*** Begin section ***

(* Let $\mathcal A=(Q,\Sigma,\delta,\rho)$ be a connected bireversible Mealy automaton whose labeled orbit tree $\mathfrak t(\mathcal A)$ has no active self-liftable branch, and let $\mathfrak j$ be a jungle tree with trunk of length $n$. For a $\mathfrak j$-word $\mathbf u$ with $|\mathbf u|<n$, the number of $\sim$-classes of stems containing a stem with prefix $\mathbf u$ depends only on $|\mathbf u|$: any two $\mathfrak j$-words of the same length $<n$ have the same number of such classes.
   Context: Mealy automata. A Mealy automaton is $\mathcal A=(Q,\Sigma,\delta,\rho)$ with $Q,\Sigma$ finite non-empty sets, $\delta=(\delta_i\colon Q\to Q)_{i\in\Sigma}$, $\rho=(\rho_x\colon\Sigma\to\Sigma)_{x\in Q}$; transitions $x\xrightarrow{i\mid\rho_x(i)}\delta_i(x)$. Invertible: each $\rho_x$ a permutation of $\Sigma$; reversible: each $\delta_i$ a permutation of $Q$; bireversible: invertible, reversible, and for each $j\in\Sigma$ the map $x\mapsto\delta_{\rho_x^{-1}(j)}(x)$ is a permutation of $Q$. Connected: the directed graph on $Q$ with edges $x\to\delta_i(x)$ is connected. Extensions: $\rho_x(i\mathbf s)=\rho_x(i)\rho_{\delta_i(x)}(\mathbf s)$; $\rho_{x_1\cdots x_m}=\rho_{x_m}\circ\cdots\circ\rho_{x_1}$; $\delta_i(x\mathbf u)=\delta_i(x)\delta_{\rho_x(i)}(\mathbf u)$ on $Q^*$, $\delta_{i_1\cdots i_m}=\delta_{i_m}\circ\cdots\circ\delta_{i_1}$. The connected components of $\mathcal A^n$ (stateset $Q^n$, transitions $\mathbf u\xrightarrow{i\mid\rho_{\mathbf u}(i)}\delta_i(\mathbf u)$) are, for reversible $\mathcal A$, the orbits of $Q^n$ under the maps $\delta_{\mathbf s}$. Orbit tree $\mathfrak t(\mathcal A)$: vertices at level $n\ge0$ are the connected components of $\mathcal A^n$; an edge from the component of $\mathbf u\in Q^n$ to that of $\mathbf ux$ for all $\mathbf u,x$; edge $C\to D$ labeled $\#D/\#C$. $\top,\bot$ = first/last vertex of a downward path; level of an edge/path = level of its top vertex. A word of $Q^*\cup Q^\omega$ represents the initial path through the components of its prefixes. Edge $e$ is liftable to $f$ if every word of $\bot(e)$ has a suffix in $\bot(f)$; paths are liftable if corresponding edges are. $f$ is a legitimate child of $e$ if $\top(f)=\bot(e)$ and $f$ is liftable to $e$. A path/subtree $\mathfrak s$ is $k$-self-liftable if for all $i\ge0$ every path in $\mathfrak s$ starting at level $i+k$ is liftable to a path in $\mathfrak s$ starting at level $i$; self-liftable if $k$-self-liftable for some $k>0$. A branch (infinite initial path) is active if its labels are not eventually all $1$. Jungle trees: for a finite 1-self-liftable initial path $\mathbf e$ of length $n$ whose last edge has at least two legitimate children, all labeled $1$, $\mathfrak j(\mathbf e)$ consists of $\mathbf e$ plus all edges descending from $\bot(\mathbf e)$ that are liftable to the last edge of $\mathbf e$. Stems: the words of $\bot(\mathbf e)\subseteq Q^n$. A $\mathfrak j$-word is a word representing an initial path of $\mathfrak j$. For stems $\mathbf u,\mathbf v$: $\mathbf u\sim\mathbf v$ iff there is $\mathbf s\in Q^*$ such that $\mathbf{usv}$ is a $\mathfrak j$-word and $\rho_{\mathbf{us}}$ is the identity of $\Sigma^*$; $\sim$ is an equivalence relation. *)

theory Defs
  imports Complex_Main "HOL-Library.Sublist"
begin

text \<open>A Mealy automaton with stateset the finite type 'q and alphabet the finite type 'a
  is given by delta :: 'a => 'q => 'q (delta i x = target of the transition from x
  reading i) and rho :: 'q => 'a => 'a (rho x i = output).\<close>

definition invertible :: "('q \<Rightarrow> 'a \<Rightarrow> 'a) \<Rightarrow> bool" where
  "invertible rho \<longleftrightarrow> (\<forall>x. bij (rho x))"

*** End section ***

Copy each line of the data above without altering a single character.

Answer section.
(* Let $\mathcal A=(Q,\Sigma,\delta,\rho)$ be a connected bireversible Mealy automaton whose labeled orbit tree $\mathfrak t(\mathcal A)$ has no active self-liftable branch, and let $\mathfrak j$ be a jungle tree with trunk of length $n$. For a $\mathfrak j$-word $\mathbf u$ with $|\mathbf u|<n$, the number of $\sim$-classes of stems containing a stem with prefix $\mathbf u$ depends only on $|\mathbf u|$: any two $\mathfrak j$-words of the same length $<n$ have the same number of such classes.
   Context: Mealy automata. A Mealy automaton is $\mathcal A=(Q,\Sigma,\delta,\rho)$ with $Q,\Sigma$ finite non-empty sets, $\delta=(\delta_i\colon Q\to Q)_{i\in\Sigma}$, $\rho=(\rho_x\colon\Sigma\to\Sigma)_{x\in Q}$; transitions $x\xrightarrow{i\mid\rho_x(i)}\delta_i(x)$. Invertible: each $\rho_x$ a permutation of $\Sigma$; reversible: each $\delta_i$ a permutation of $Q$; bireversible: invertible, reversible, and for each $j\in\Sigma$ the map $x\mapsto\delta_{\rho_x^{-1}(j)}(x)$ is a permutation of $Q$. Connected: the directed graph on $Q$ with edges $x\to\delta_i(x)$ is connected. Extensions: $\rho_x(i\mathbf s)=\rho_x(i)\rho_{\delta_i(x)}(\mathbf s)$; $\rho_{x_1\cdots x_m}=\rho_{x_m}\circ\cdots\circ\rho_{x_1}$; $\delta_i(x\mathbf u)=\delta_i(x)\delta_{\rho_x(i)}(\mathbf u)$ on $Q^*$, $\delta_{i_1\cdots i_m}=\delta_{i_m}\circ\cdots\circ\delta_{i_1}$. The connected components of $\mathcal A^n$ (stateset $Q^n$, transitions $\mathbf u\xrightarrow{i\mid\rho_{\mathbf u}(i)}\delta_i(\mathbf u)$) are, for reversible $\mathcal A$, the orbits of $Q^n$ under the maps $\delta_{\mathbf s}$. Orbit tree $\mathfrak t(\mathcal A)$: vertices at level $n\ge0$ are the connected components of $\mathcal A^n$; an edge from the component of $\mathbf u\in Q^n$ to that of $\mathbf ux$ for all $\mathbf u,x$; edge $C\to D$ labeled $\#D/\#C$. $\top,\bot$ = first/last vertex of a downward path; level of an edge/path = level of its top vertex. A word of $Q^*\cup Q^\omega$ represents the initial path through the components of its prefixes. Edge $e$ is liftable to $f$ if every word of $\bot(e)$ has a suffix in $\bot(f)$; paths are liftable if corresponding edges are. $f$ is a legitimate child of $e$ if $\top(f)=\bot(e)$ and $f$ is liftable to $e$. A path/subtree $\mathfrak s$ is $k$-self-liftable if for all $i\ge0$ every path in $\mathfrak s$ starting at level $i+k$ is liftable to a path in $\mathfrak s$ starting at level $i$; self-liftable if $k$-self-liftable for some $k>0$. A branch (infinite initial path) is active if its labels are not eventually all $1$. Jungle trees: for a finite 1-self-liftable initial path $\mathbf e$ of length $n$ whose last edge has at least two legitimate children, all labeled $1$, $\mathfrak j(\mathbf e)$ consists of $\mathbf e$ plus all edges descending from $\bot(\mathbf e)$ that are liftable to the last edge of $\mathbf e$. Stems: the words of $\bot(\mathbf e)\subseteq Q^n$. A $\mathfrak j$-word is a word representing an initial path of $\mathfrak j$. For stems $\mathbf u,\mathbf v$: $\mathbf u\sim\mathbf v$ iff there is $\mathbf s\in Q^*$ such that $\mathbf{usv}$ is a $\mathfrak j$-word and $\rho_{\mathbf{us}}$ is the identity of $\Sigma^*$; $\sim$ is an equivalence relation. *)

theory Defs
  imports Complex_Main "HOL-Library.Sublist"
begin

text \<open>A Mealy automaton with stateset the finite type 'q and alphabet the finite type 'a
  is given by delta :: 'a => 'q => 'q (delta i x = target of the transition from x
  reading i) and rho :: 'q => 'a => 'a (rho x i = output).\<close>

definition invertible :: "('q \<Rightarrow> 'a \<Rightarrow> 'a) \<Rightarrow> bool" where
  "invertible rho \<longleftrightarrow> (\<forall>x. bij (rho x))"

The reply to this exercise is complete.